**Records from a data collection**
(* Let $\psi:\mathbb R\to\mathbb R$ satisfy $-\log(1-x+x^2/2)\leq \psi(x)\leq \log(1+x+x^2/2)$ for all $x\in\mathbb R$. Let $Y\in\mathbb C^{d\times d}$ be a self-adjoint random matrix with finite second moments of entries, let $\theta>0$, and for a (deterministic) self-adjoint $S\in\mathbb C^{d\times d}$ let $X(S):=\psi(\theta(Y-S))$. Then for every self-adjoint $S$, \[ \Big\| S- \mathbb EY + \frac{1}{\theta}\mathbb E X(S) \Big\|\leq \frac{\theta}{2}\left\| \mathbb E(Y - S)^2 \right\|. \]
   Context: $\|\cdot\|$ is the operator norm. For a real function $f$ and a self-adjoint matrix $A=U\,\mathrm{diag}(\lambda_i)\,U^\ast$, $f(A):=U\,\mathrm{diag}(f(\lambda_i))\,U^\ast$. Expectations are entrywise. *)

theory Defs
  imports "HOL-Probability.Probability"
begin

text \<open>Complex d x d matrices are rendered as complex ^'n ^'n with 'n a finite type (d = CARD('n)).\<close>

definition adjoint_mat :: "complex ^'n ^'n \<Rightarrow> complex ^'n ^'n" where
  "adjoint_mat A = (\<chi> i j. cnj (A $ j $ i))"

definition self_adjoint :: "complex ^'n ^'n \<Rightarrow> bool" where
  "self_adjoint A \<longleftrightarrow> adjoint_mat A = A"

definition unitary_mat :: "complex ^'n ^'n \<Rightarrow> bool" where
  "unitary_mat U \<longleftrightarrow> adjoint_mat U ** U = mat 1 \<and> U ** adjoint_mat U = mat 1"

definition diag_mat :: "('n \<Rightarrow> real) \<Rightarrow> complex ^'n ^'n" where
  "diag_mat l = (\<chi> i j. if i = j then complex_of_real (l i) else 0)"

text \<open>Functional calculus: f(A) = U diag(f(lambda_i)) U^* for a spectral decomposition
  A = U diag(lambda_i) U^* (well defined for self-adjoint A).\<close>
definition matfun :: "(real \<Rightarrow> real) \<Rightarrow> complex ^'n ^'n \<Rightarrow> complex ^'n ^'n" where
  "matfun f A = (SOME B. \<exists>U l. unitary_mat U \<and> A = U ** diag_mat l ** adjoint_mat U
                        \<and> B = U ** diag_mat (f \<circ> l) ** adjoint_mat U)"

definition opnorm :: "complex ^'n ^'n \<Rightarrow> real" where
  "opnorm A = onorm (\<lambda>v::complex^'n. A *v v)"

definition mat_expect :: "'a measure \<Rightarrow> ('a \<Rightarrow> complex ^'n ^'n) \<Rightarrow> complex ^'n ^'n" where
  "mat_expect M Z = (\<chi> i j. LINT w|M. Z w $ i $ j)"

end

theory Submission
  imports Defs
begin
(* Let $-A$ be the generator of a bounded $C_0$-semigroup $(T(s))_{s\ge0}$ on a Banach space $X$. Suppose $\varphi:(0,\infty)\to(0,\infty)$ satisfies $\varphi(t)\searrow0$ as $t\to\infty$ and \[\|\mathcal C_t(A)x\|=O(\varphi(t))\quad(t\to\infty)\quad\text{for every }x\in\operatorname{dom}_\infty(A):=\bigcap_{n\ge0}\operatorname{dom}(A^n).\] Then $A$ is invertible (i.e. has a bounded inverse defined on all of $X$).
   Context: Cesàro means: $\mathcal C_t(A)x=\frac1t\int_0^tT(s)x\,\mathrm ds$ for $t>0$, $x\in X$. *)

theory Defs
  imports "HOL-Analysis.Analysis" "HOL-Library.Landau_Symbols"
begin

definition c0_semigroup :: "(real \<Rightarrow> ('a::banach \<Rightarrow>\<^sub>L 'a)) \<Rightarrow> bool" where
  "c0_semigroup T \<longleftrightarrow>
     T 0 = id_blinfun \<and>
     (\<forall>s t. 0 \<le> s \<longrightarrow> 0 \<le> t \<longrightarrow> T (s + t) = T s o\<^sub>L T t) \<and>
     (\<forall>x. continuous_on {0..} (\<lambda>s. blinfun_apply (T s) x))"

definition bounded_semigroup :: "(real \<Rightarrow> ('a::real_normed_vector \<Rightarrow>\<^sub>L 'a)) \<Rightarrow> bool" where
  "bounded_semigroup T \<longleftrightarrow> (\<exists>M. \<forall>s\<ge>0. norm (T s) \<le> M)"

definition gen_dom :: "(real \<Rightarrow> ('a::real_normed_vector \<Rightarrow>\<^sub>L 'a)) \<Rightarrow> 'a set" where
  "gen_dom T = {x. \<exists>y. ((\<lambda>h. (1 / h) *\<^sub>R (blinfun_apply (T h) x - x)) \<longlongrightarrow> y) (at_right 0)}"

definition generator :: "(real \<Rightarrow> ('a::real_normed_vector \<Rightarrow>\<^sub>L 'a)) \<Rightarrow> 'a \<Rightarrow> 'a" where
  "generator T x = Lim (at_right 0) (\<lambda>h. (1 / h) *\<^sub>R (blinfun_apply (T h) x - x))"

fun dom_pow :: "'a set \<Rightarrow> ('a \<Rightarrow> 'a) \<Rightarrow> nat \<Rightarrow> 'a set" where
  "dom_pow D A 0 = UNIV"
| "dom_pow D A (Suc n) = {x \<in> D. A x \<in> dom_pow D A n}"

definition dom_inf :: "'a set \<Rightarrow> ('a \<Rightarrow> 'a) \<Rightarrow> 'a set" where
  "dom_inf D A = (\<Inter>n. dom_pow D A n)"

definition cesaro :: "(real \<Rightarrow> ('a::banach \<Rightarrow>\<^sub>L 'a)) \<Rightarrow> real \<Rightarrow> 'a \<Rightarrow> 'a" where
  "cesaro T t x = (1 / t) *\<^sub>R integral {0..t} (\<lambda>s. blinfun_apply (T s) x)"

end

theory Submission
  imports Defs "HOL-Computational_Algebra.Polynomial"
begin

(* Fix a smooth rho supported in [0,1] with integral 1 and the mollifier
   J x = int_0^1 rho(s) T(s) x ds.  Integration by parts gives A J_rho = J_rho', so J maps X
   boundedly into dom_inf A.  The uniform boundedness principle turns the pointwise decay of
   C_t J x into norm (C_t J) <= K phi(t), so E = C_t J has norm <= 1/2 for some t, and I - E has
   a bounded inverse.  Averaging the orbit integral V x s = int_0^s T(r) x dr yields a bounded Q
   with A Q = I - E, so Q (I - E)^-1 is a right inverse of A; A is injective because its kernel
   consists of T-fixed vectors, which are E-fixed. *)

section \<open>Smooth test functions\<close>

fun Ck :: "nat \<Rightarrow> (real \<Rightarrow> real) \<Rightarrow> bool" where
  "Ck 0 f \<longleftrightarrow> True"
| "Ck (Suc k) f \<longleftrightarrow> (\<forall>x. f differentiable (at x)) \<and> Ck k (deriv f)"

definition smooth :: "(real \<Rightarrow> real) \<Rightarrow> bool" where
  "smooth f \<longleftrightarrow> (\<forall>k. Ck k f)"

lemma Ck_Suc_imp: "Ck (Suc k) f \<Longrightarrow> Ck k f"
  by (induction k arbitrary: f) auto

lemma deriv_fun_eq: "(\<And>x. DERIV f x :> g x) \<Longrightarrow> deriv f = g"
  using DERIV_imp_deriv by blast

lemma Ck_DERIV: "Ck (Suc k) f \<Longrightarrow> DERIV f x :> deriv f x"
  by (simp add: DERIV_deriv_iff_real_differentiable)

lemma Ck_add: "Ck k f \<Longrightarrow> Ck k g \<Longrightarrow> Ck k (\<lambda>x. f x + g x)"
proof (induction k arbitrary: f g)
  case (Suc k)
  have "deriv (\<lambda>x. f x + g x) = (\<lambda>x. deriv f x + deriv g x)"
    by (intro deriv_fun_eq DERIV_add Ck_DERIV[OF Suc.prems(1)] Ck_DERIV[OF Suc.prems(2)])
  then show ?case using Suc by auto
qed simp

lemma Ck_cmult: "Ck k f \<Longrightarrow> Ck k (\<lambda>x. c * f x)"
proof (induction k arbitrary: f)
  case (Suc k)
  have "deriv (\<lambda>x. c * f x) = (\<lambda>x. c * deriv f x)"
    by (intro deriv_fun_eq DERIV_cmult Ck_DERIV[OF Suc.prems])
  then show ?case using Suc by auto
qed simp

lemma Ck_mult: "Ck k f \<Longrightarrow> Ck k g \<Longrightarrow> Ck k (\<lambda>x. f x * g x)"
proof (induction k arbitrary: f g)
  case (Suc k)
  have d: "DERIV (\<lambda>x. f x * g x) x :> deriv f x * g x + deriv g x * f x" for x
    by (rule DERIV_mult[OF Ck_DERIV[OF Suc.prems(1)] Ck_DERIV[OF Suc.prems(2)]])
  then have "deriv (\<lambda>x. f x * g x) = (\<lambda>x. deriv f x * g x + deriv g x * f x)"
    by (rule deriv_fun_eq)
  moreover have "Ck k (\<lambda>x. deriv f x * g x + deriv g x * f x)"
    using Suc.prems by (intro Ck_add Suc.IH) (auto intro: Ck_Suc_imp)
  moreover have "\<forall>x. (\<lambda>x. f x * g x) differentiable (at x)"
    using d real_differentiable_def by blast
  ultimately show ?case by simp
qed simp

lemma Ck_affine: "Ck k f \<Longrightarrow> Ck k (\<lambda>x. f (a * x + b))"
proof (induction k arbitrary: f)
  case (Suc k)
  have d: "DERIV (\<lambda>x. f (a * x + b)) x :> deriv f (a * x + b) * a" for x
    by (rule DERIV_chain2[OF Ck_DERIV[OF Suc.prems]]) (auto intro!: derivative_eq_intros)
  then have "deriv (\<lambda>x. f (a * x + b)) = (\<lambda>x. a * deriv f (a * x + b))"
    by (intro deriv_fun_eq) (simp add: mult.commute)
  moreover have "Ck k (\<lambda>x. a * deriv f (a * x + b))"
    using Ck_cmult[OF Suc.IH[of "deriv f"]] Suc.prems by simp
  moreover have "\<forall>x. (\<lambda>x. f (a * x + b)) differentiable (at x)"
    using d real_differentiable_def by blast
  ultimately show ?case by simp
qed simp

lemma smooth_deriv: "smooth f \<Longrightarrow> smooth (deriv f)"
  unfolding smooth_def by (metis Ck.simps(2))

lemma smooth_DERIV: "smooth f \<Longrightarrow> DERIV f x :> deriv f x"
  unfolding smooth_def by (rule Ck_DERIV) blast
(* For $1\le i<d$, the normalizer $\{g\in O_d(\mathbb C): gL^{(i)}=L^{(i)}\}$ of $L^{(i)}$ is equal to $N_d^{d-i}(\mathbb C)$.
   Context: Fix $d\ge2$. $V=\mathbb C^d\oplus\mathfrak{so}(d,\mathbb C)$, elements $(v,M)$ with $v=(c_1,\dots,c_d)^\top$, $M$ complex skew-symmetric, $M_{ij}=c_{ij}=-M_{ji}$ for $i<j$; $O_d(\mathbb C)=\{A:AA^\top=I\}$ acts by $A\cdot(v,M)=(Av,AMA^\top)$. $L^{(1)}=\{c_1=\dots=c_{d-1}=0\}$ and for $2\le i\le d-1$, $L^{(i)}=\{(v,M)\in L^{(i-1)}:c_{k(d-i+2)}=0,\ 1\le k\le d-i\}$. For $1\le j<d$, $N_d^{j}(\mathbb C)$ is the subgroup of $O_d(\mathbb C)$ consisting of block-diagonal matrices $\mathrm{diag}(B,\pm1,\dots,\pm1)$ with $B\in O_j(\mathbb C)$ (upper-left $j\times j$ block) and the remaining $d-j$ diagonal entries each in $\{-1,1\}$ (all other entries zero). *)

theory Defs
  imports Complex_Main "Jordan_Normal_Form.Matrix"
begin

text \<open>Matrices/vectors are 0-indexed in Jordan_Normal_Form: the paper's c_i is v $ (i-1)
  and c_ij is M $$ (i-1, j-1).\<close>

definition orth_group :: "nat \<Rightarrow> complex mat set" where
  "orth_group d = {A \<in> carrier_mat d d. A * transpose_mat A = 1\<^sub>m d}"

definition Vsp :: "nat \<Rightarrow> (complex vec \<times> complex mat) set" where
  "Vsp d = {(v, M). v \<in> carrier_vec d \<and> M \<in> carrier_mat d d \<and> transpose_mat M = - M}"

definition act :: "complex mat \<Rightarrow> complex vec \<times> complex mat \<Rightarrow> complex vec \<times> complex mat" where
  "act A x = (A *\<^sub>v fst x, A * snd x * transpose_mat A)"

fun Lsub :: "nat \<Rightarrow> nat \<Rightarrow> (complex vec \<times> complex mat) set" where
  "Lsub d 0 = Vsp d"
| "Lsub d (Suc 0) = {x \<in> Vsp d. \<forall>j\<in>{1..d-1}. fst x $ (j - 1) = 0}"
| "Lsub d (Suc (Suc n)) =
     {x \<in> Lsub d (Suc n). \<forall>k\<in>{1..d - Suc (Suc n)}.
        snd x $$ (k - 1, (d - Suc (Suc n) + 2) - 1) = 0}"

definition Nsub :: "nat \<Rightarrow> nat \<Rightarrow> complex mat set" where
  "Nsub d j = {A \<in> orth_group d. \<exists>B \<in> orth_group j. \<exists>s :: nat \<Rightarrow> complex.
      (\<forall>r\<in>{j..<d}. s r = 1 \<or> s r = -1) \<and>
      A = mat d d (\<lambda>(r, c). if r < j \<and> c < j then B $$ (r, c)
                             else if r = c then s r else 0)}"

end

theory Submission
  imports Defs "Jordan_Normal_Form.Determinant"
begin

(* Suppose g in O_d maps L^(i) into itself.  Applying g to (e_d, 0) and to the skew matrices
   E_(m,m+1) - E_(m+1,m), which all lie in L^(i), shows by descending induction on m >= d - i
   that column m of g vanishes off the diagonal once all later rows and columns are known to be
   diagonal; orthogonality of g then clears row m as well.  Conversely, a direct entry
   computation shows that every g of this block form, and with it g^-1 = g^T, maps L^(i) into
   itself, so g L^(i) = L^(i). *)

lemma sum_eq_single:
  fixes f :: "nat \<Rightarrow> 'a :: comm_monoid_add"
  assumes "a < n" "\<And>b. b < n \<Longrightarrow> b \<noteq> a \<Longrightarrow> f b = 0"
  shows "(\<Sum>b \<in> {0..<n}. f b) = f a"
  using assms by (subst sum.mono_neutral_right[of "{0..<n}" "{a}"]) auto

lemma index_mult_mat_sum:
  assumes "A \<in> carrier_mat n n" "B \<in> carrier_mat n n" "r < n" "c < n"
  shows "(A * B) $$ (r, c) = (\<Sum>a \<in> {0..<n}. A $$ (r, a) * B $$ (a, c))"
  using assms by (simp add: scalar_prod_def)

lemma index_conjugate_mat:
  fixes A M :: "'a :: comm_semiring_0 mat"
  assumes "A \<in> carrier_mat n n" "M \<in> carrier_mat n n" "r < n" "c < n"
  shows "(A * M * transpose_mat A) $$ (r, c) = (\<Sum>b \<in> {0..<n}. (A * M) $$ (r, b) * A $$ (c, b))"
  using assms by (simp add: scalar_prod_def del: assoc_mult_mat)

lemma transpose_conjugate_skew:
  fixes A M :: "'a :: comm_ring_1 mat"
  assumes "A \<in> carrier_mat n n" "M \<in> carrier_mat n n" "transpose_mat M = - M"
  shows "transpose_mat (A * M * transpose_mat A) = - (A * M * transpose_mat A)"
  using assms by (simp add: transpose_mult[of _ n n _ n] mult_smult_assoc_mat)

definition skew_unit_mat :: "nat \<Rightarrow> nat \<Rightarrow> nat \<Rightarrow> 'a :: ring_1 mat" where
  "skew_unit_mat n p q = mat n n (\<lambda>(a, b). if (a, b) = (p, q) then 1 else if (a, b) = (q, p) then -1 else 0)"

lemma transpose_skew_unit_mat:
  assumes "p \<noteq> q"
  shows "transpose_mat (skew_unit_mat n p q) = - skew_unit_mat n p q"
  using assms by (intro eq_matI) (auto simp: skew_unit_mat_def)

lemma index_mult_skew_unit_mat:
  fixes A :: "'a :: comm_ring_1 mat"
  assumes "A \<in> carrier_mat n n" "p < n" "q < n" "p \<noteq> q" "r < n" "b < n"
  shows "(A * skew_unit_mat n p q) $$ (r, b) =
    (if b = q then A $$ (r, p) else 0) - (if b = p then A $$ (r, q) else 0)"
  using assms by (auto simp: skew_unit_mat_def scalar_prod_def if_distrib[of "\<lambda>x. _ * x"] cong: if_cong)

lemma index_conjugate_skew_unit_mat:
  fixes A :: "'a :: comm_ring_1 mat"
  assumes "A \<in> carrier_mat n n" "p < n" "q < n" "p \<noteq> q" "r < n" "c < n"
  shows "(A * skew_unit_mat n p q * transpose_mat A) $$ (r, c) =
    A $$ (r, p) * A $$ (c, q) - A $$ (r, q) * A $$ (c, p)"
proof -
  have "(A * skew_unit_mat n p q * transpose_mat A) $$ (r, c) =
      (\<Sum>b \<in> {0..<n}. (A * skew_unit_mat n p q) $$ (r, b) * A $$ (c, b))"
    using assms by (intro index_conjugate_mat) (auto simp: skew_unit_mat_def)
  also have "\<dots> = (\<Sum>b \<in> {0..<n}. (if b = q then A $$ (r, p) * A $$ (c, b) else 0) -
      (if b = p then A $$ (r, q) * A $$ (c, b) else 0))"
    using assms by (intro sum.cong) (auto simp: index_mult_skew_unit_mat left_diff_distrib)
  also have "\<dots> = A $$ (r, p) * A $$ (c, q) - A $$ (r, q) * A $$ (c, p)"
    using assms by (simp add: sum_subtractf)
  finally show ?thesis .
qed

**ACTIVITY**
Copy out every line from the data above that has "bool" in it.

**ANSWER BOX**
definition self_adjoint :: "complex ^'n ^'n \<Rightarrow> bool" where
definition unitary_mat :: "complex ^'n ^'n \<Rightarrow> bool" where
definition c0_semigroup :: "(real \<Rightarrow> ('a::banach \<Rightarrow>\<^sub>L 'a)) \<Rightarrow> bool" where
definition bounded_semigroup :: "(real \<Rightarrow> ('a::real_normed_vector \<Rightarrow>\<^sub>L 'a)) \<Rightarrow> bool" where
fun Ck :: "nat \<Rightarrow> (real \<Rightarrow> real) \<Rightarrow> bool" where
definition smooth :: "(real \<Rightarrow> real) \<Rightarrow> bool" where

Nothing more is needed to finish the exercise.